### Exercise
If a line below contains the string "where", return that line.

### Records supplied
lemma sublevel_point_coercive_estimate:
  fixes e s e' s' :: "'a::real_inner" and p q k \<delta> c1 c2 :: real
  assumes pq: "p > 1" "q > 1" "1/p + 1/q = 1"
    and k: "k > 0" "k / 2 + 2 * \<delta> \<le> min (1/p) (1/q)"
    and \<delta>: "\<delta> > 0" "k * \<bar>c1\<bar> \<le> \<delta>"
    and \<delta>_q: "\<delta> powr (1 - q) * (k * \<bar>c1\<bar>) powr q \<le> k / 2"
    and \<delta>_p: "\<delta> powr (1 - p) * (k * \<bar>c1\<bar>) powr p \<le> k / 2"
    and sublevel: "norm e' powr p + norm s' powr q < c1 * (e' \<bullet> s') + c2"
  shows "k / (2 * (2 powr p + 2 powr q)) * (norm e powr p + norm s powr q) - k * c2 - k * c1 * (e \<bullet> s)
    \<le> norm (e - e') powr p / p + norm (s - s') powr q / q"
proof -
  define a b u v where "a = norm (e - e')" "b = norm (s - s')" "u = norm e'" "v = norm s'"
  define M :: real where "M = 2 powr p + 2 powr q"
  have nonneg: "a \<ge> 0" "b \<ge> 0" "u \<ge> 0" "v \<ge> 0"
    unfolding a_b_u_v_def by simp_all
  have "M > 0"
    unfolding M_def by (simp add: add_pos_pos)
  have dist: "min (1/p) (1/q) * (a powr p + b powr q) \<le> a powr p / p + b powr q / q"
  proof -
    have "min (1/p) (1/q) * a powr p \<le> 1/p * a powr p"
      by (intro mult_right_mono) auto
    moreover have "min (1/p) (1/q) * b powr q \<le> 1/q * b powr q"
      by (intro mult_right_mono) auto
    ultimately show ?thesis
      by (simp add: distrib_left)
  qed
  have "k * c1 * (e' \<bullet> s') - k * c1 * (e \<bullet> s) \<le> \<bar>k * c1 * (e' \<bullet> s' - e \<bullet> s)\<bar>"
    by (simp add: right_diff_distrib)
  also have "\<dots> = k * \<bar>c1\<bar> * \<bar>e \<bullet> s - e' \<bullet> s'\<bar>"
    using k by (simp add: abs_mult abs_minus_commute)
  also have "\<dots> \<le> k * \<bar>c1\<bar> * (a * b + a * v + u * b)"
    unfolding a_b_u_v_def using k by (intro mult_left_mono inner_diff_inner_le) auto
  also have "\<dots> \<le> 2 * \<delta> * (a powr p + b powr q) + k / 2 * (u powr p + v powr q)"
    using pq nonneg k \<delta> \<delta>_q \<delta>_p by (intro cross_terms_le) auto
  finally have cross: "k * c1 * (e' \<bullet> s') - k * c1 * (e \<bullet> s)
    \<le> 2 * \<delta> * (a powr p + b powr q) + k / 2 * (u powr p + v powr q)" .
  have "k / (2 * M) * (norm e powr p + norm s powr q)
    \<le> k / (2 * M) * (M * (a powr p + b powr q + u powr p + v powr q))"
    unfolding a_b_u_v_def M_def using pq k
    by (intro mult_left_mono norm_powr_sum_le_shifted) auto
  also have "\<dots> = k / 2 * (a powr p + b powr q + u powr p + v powr q)"
    using \<open>M > 0\<close> by simp
  finally have growth: "k / (2 * M) * (norm e powr p + norm s powr q)
    \<le> k / 2 * (a powr p + b powr q + u powr p + v powr q)" .
  have "k * (u powr p + v powr q) < k * c1 * (e' \<bullet> s') + k * c2"
    using mult_strict_left_mono[OF sublevel k(1)] unfolding a_b_u_v_def by (simp add: algebra_simps)
  moreover have "(k / 2 + 2 * \<delta>) * (a powr p + b powr q) \<le> min (1/p) (1/q) * (a powr p + b powr q)"
    using k by (intro mult_right_mono) auto
  ultimately show ?thesis
    using dist cross growth unfolding a_b_u_v_def[symmetric] M_def[symmetric]
    by (simp add: algebra_simps)
qed

lemma sublevel_imp_pq_coercive_distD:
  fixes D :: "((real^'d^'d) \<times> (real^'d^'d)) set" and p q c1 c2 :: real
  assumes pq: "p > 1" "q > 1" "1/p + 1/q = 1" and "c2 > 0"
    and sublevel: "\<And>e s. (e, s) \<in> D \<Longrightarrow> norm e powr p + norm s powr q < c1 * (e \<bullet> s) + c2"
  shows "pq_coercive p q (distD p q D)"
proof -
  define m where "m = min (1/p) (1/q)"
  have "m > 0"
    using pq unfolding m_def by simp
  have "((\<lambda>k. k) \<longlongrightarrow> 0) (at_right (0::real))" "((\<lambda>k. k * \<bar>c1\<bar>) \<longlongrightarrow> 0) (at_right (0::real))"
    by (intro tendsto_mult_left_zero tendsto_ident_at)+
  then have "\<forall>\<^sub>F k in at_right 0. 0 < k \<and> k < m \<and> k * \<bar>c1\<bar> < m / 4
      \<and> (m / 4) powr (1 - q) * (k * \<bar>c1\<bar>) powr q \<le> k / 2
      \<and> (m / 4) powr (1 - p) * (k * \<bar>c1\<bar>) powr p \<le> k / 2"
    using \<open>m > 0\<close> pq
    by (intro eventually_conj eventually_at_right_less eventually_powr_le_half_at_right_0
        order_tendstoD(2)) auto
  then obtain k where k: "0 < k" "k < m" "k * \<bar>c1\<bar> < m / 4"
      "(m / 4) powr (1 - q) * (k * \<bar>c1\<bar>) powr q \<le> k / 2"
      "(m / 4) powr (1 - p) * (k * \<bar>c1\<bar>) powr p \<le> k / 2"
    using eventually_happens[of _ "at_right (0::real)"] by auto
  have k_le: "k / 2 + 2 * (m / 4) \<le> min (1/p) (1/q)"
    using k(2) unfolding m_def[symmetric] by simp
  have "ereal (k / (2 * (2 powr p + 2 powr q)) * (norm e powr p + norm s powr q)
      - k * c2 - k * c1 * (e \<bullet> s)) \<le> distD p q D (e, s)" for e s :: "real^'d^'d"
    unfolding distD_def
  proof (rule INF_greatest, clarify)
    fix e' s' assume "(e', s') \<in> D"
    then have "k / (2 * (2 powr p + 2 powr q)) * (norm e powr p + norm s powr q)
        - k * c2 - k * c1 * (e \<bullet> s) \<le> norm (e - e') powr p / p + norm (s - s') powr q / q"
      using k \<open>m > 0\<close>
      by (intro sublevel_point_coercive_estimate[OF pq k(1) k_le] sublevel) auto
    then show "ereal (k / (2 * (2 powr p + 2 powr q)) * (norm e powr p + norm s powr q)
        - k * c2 - k * c1 * (e \<bullet> s))
      \<le> ereal (1 / p * norm (fst (e, s) - fst (e', s')) powr p
        + 1 / q * norm (snd (e, s) - snd (e', s')) powr q)"
      by simp
  qed
  then show ?thesis
    unfolding pq_coercive_def using k \<open>c2 > 0\<close>
    by (intro exI[of _ "k / (2 * (2 powr p + 2 powr q))"] exI[of _ "k * c2"] exI[of _ "k * c1"])
      (auto simp: add_pos_pos)
qed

### Result of this exercise
  define a b u v where "a = norm (e - e')" "b = norm (s - s')" "u = norm e'" "v = norm s'"
  define M :: real where "M = 2 powr p + 2 powr q"
  define m where "m = min (1/p) (1/q)"
  then obtain k where k: "0 < k" "k < m" "k * \<bar>c1\<bar> < m / 4"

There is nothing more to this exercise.